ACTIVITY:
Copy every line from the data below in which the string "assumes" can be found.
Start of EXTRACTED RECORDS
(* Let $f:[0,1]\to\mathbb{R}$ be bounded and let $0<b<1$. Assume that $f(t)=c$ for all $t\in[0,b)$, for some real constant $c$. Then for every $n\in\mathbb{N}$ and every $x\in(0,b)$, \[ |B_nf(x)-f(x)|\leq \|f-c\|\,e^{-nr(x,b)}. \]
   Context: For a bounded function $f:[0,1]\to\mathbb{R}$, $\|f\|=\sup_{t\in[0,1]}|f(t)|$, and $\|f-c\|$ is the supremum norm of $t\mapsto f(t)-c$. The $n$th Bernstein polynomial of $f$ is $B_nf(x)=\sum_{j=0}^n f(j/n)\binom{n}{j}x^j(1-x)^{n-j}$, $x\in[0,1]$. For $x,\theta\in(0,1)$, $r(x,\theta)=\theta\log\frac{\theta}{x}+(1-\theta)\log\frac{1-\theta}{1-x}$. *)

theory Defs
  imports "HOL-Analysis.Analysis"
begin

definition supnorm01 :: "(real \<Rightarrow> real) \<Rightarrow> real" where
  "supnorm01 g = (SUP t\<in>{0..1}. \<bar>g t\<bar>)"

definition bernstein :: "nat \<Rightarrow> (real \<Rightarrow> real) \<Rightarrow> real \<Rightarrow> real" where
  "bernstein n f x = (\<Sum>j=0..n. f (real j / real n) * real (n choose j) * x ^ j * (1 - x) ^ (n - j))"

definition rfun :: "real \<Rightarrow> real \<Rightarrow> real" where
  "rfun x \<theta> = \<theta> * ln (\<theta> / x) + (1 - \<theta>) * ln ((1 - \<theta>) / (1 - x))"

end

theory Submission
  imports Defs
begin

text \<open>
  Since f(x) = c and the Bernstein weights sum to one, B_n f(x) - f(x) is the Bernstein
  average of f - c, which only sees the nodes j/n >= b. It is therefore at most ||f - c||
  times the binomial tail probability P(S_n >= nb) with S_n ~ Bin(n, x), and the Chernoff
  bound P(S_n >= nb) <= s^(-nb) E[s^S_n] at the optimal s = b(1-x)/(x(1-b)) equals
  exp(-n r(x, b)).
\<close>

definition bernstein_basis :: "nat \<Rightarrow> nat \<Rightarrow> real \<Rightarrow> real" where
  "bernstein_basis n j x = real (n choose j) * x ^ j * (1 - x) ^ (n - j)"

lemma bernstein_basis_nonneg: "0 \<le> x \<Longrightarrow> x \<le> 1 \<Longrightarrow> 0 \<le> bernstein_basis n j x"
  unfolding bernstein_basis_def by simp

lemma sum_bernstein_basis: "(\<Sum>j=0..n. bernstein_basis n j x) = 1"
  using binomial_ring[of x "1 - x" n] by (simp add: bernstein_basis_def atMost_atLeast0)

lemma bernstein_eq_sum_basis: "bernstein n f x = (\<Sum>j=0..n. f (real j / real n) * bernstein_basis n j x)"
  unfolding bernstein_def bernstein_basis_def by (simp add: mult.assoc)

lemma bernstein_diff_const:
  "bernstein n f x - c = bernstein n (\<lambda>t. f t - c) x"
  using sum_bernstein_basis[of n x]
  by (simp add: bernstein_eq_sum_basis left_diff_distrib sum_subtractf flip: sum_distrib_left)

lemma abs_le_supnorm01:
  assumes "bounded (g ` {0..1})" and "t \<in> {0..1}"
  shows "\<bar>g t\<bar> \<le> supnorm01 g"
proof -
  have "bdd_above ((\<lambda>t. \<bar>g t\<bar>) ` {0..1})"
    using assms(1) unfolding bounded_iff by (auto intro: bdd_aboveI2)
  then show ?thesis
    unfolding supnorm01_def using assms(2) by (intro cSUP_upper) auto
qed

lemma bounded_image_diff_const:
  fixes f :: "'a \<Rightarrow> 'b::real_normed_vector"
  shows "bounded (f ` A) \<Longrightarrow> bounded ((\<lambda>t. f t - c) ` A)"
  using bounded_translation[of "f ` A" "- c"] by (simp add: image_image)

lemma bernstein_tail_le:
  fixes a s x :: real
  assumes "1 \<le> s" and "0 \<le> x" and "x \<le> 1"
  shows "(\<Sum>j\<in>{j\<in>{0..n}. a \<le> real j}. bernstein_basis n j x) \<le> s powr (- a) * (x * s + (1 - x)) ^ n"
proof -
  have "(\<Sum>j\<in>{j\<in>{0..n}. a \<le> real j}. bernstein_basis n j x)
      \<le> (\<Sum>j\<in>{j\<in>{0..n}. a \<le> real j}. s powr (real j - a) * bernstein_basis n j x)"
  proof (intro sum_mono)
    fix j assume "j \<in> {j\<in>{0..n}. a \<le> real j}"
    then have "1 \<le> s powr (real j - a)"
      using assms(1) by (simp add: ge_one_powr_ge_zero)
    then show "bernstein_basis n j x \<le> s powr (real j - a) * bernstein_basis n j x"
      using mult_right_mono[OF _ bernstein_basis_nonneg[OF assms(2,3)], of 1 _ n j] by simp
  qed
  also have "\<dots> \<le> (\<Sum>j=0..n. s powr (real j - a) * bernstein_basis n j x)"
    using assms by (intro sum_mono2) (auto intro!: mult_nonneg_nonneg bernstein_basis_nonneg)
  also have "\<dots> = s powr (- a) * (\<Sum>j=0..n. real (n choose j) * (x * s) ^ j * (1 - x) ^ (n - j))"
    using assms(1)
    by (simp add: sum_distrib_left bernstein_basis_def powr_diff powr_minus_divide powr_realpow
        power_mult_distrib field_simps)
  also have "\<dots> = s powr (- a) * (x * s + (1 - x)) ^ n"
    using binomial_ring[of "x * s" "1 - x" n] by (simp add: atMost_atLeast0)
  finally show ?thesis .
qed

lemma binomial_mgf_chernoff_optimum:
  fixes x b :: real
  assumes "0 < x" "x < 1" "0 < b" "b < 1"
  defines "s \<equiv> b * (1 - x) / (x * (1 - b))"
  shows "s powr (- (real n * b)) * (x * s + (1 - x)) ^ n = exp (- real n * rfun x b)"
proof -
  define q where "q = (1 - x) / (1 - b)"
  have "q > 0" "s > 0"
    using assms unfolding q_def s_def by (auto intro!: divide_pos_pos)
  have mgf: "x * s + (1 - x) = q"
    using assms unfolding s_def q_def by (simp add: field_simps)
  have ln_s: "ln s = ln (b / x) + ln q"
    using assms unfolding s_def q_def by (simp add: ln_div ln_mult)
  have rfun_q: "rfun x b = b * ln (b / x) - (1 - b) * ln q"
    using assms unfolding rfun_def q_def by (simp add: ln_div algebra_simps)
  have "s powr (- (real n * b)) * (x * s + (1 - x)) ^ n
      = exp (- (real n * b) * ln s) * exp (real n * ln q)"
    unfolding mgf using \<open>s > 0\<close> \<open>q > 0\<close> by (simp add: powr_def exp_of_nat_mult mult.commute)
  also have "\<dots> = exp (- real n * rfun x b)"
    unfolding ln_s rfun_q exp_add[symmetric] by (simp add: algebra_simps)
  finally show ?thesis .
qed

lemma bernstein_vanishing_below_le:
  assumes g_le: "\<And>t. t \<in> {0..1} \<Longrightarrow> \<bar>g t\<bar> \<le> M"
    and g_zero: "\<And>t. t \<in> {0..<b} \<Longrightarrow> g t = 0"
    and x: "0 < x" "x < b" and "b < 1"
  shows "\<bar>bernstein n g x\<bar> \<le> M * exp (- real n * rfun x b)"
proof -
  define s where "s = b * (1 - x) / (x * (1 - b))"
  have "1 \<le> s"
    using x \<open>b < 1\<close> unfolding s_def by (simp add: field_simps mult_right_mono)
  have basis_nonneg: "0 \<le> bernstein_basis n j x" for j
    using x \<open>b < 1\<close> by (intro bernstein_basis_nonneg) auto
  have "0 \<le> M"
    using g_le[of 0] by auto
  have node: "real j / real n \<in> {0..1}" if "j \<le> n" for j
    using that by (cases "n = 0") (auto simp: field_simps)
  have tail: "real n * b \<le> real j" if "j \<le> n" "g (real j / real n) \<noteq> 0" for j
  proof -
    have "b \<le> real j / real n"
      using that g_zero[of "real j / real n"] by force
    then show ?thesis
      using x by (cases "n = 0") (auto simp: field_simps)
  qed
  have "\<bar>bernstein n g x\<bar> \<le> (\<Sum>j=0..n. \<bar>g (real j / real n)\<bar> * bernstein_basis n j x)"
    unfolding bernstein_eq_sum_basis
    using sum_abs[of "\<lambda>j. g (real j / real n) * bernstein_basis n j x" "{0..n}"] basis_nonneg
    by (simp add: abs_mult)
  also have "\<dots> = (\<Sum>j\<in>{j\<in>{0..n}. real n * b \<le> real j}. \<bar>g (real j / real n)\<bar> * bernstein_basis n j x)"
    using tail by (intro sum.mono_neutral_right) auto
  also have "\<dots> \<le> (\<Sum>j\<in>{j\<in>{0..n}. real n * b \<le> real j}. M * bernstein_basis n j x)"
    using basis_nonneg g_le node by (intro sum_mono mult_right_mono) auto
  also have "\<dots> \<le> M * (s powr (- (real n * b)) * (x * s + (1 - x)) ^ n)"
    unfolding sum_distrib_left[symmetric]
    using \<open>1 \<le> s\<close> x \<open>b < 1\<close> \<open>0 \<le> M\<close> by (intro mult_left_mono bernstein_tail_le) auto
  also have "\<dots> = M * exp (- real n * rfun x b)"
    using x \<open>b < 1\<close> unfolding s_def by (subst binomial_mgf_chernoff_optimum) auto
  finally show ?thesis .
qed

theorem corollary1:
  fixes f :: "real \<Rightarrow> real" and b c :: real
  assumes "bounded (f ` {0..1})"
    and "0 < b" and "b < 1"
    and "\<And>t. t \<in> {0..<b} \<Longrightarrow> f t = c"
  shows "\<forall>n::nat. \<forall>x\<in>{0<..<b}.
           \<bar>bernstein n f x - f x\<bar> \<le> supnorm01 (\<lambda>t. f t - c) * exp (- real n * rfun x b)"
proof (intro allI ballI)
  fix n :: nat and x :: real
  assume x: "x \<in> {0<..<b}"
  then have "bernstein n f x - f x = bernstein n (\<lambda>t. f t - c) x"
    using assms(4)[of x] bernstein_diff_const by auto
  also have "\<bar>\<dots>\<bar> \<le> supnorm01 (\<lambda>t. f t - c) * exp (- real n * rfun x b)"
    using x assms
    by (intro bernstein_vanishing_below_le abs_le_supnorm01 bounded_image_diff_const) auto
  finally show "\<bar>bernstein n f x - f x\<bar> \<le> supnorm01 (\<lambda>t. f t - c) * exp (- real n * rfun x b)" .
qed

end
(* Let $S=(d,N_1,\dots,N_L)$ be a neural network architecture, set $N_0=d$, let $\Omega\subset\mathbb{R}^d$, and let $\varrho:\mathbb{R}\to\mathbb{R}$ be locally Lipschitz continuous. Then $\mathcal{RNN}_\varrho^\Omega(S)$ contains at most $\sum_{\ell=1}^L(N_{\ell-1}+1)N_\ell$ linearly independent centers.
   Context: A neural network with architecture $S=(N_0,\dots,N_L)$ is a family $\Phi=((A_\ell,b_\ell))_{\ell=1}^L$, $A_\ell\in\mathbb{R}^{N_\ell\times N_{\ell-1}}$, $b_\ell\in\mathbb{R}^{N_\ell}$; $\mathcal{NN}(S)$ is the set of these. $\mathrm{R}_\varrho^\Omega(\Phi):\Omega\to\mathbb{R}^{N_L}$, $x\mapsto x_L$, where $x_0=x$, $x_\ell=\varrho(A_\ell x_{\ell-1}+b_\ell)$ for $1\le\ell\le L-1$ (componentwise), $x_L=A_Lx_{L-1}+b_L$; $\mathcal{RNN}_\varrho^\Omega(S)=\{\mathrm{R}_\varrho^\Omega(\Phi):\Phi\in\mathcal{NN}(S)\}$. An element $f$ of a subset $A$ of a vector space is a center of $A$ if $\lambda f+(1-\lambda)g\in A$ for all $g\in A$ and all $\lambda\in[0,1]$. *)

theory Defs
  imports "HOL-Analysis.Analysis"
begin

(* Vectors in R^n are represented as  nat \<Rightarrow> real  with all components of index \<ge> n equal to 0.
   A layer l (1 \<le> l \<le> L) of a network \<Phi> is  \<Phi> l = (A_l, b_l)  with
   A_l :: nat \<Rightarrow> nat \<Rightarrow> real  (only entries i < N l, j < N (l-1) are used) and
   b_l :: nat \<Rightarrow> real  (only entries i < N l are used). *)

type_synonym network = "nat \<Rightarrow> (nat \<Rightarrow> nat \<Rightarrow> real) \<times> (nat \<Rightarrow> real)"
End of EXTRACTED RECORDS
OUTPUT OF THE EXERCISE:
  assumes "bounded (g ` {0..1})" and "t \<in> {0..1}"
  assumes "1 \<le> s" and "0 \<le> x" and "x \<le> 1"
  assumes "0 < x" "x < 1" "0 < b" "b < 1"
  assumes g_le: "\<And>t. t \<in> {0..1} \<Longrightarrow> \<bar>g t\<bar> \<le> M"
  assumes "bounded (f ` {0..1})"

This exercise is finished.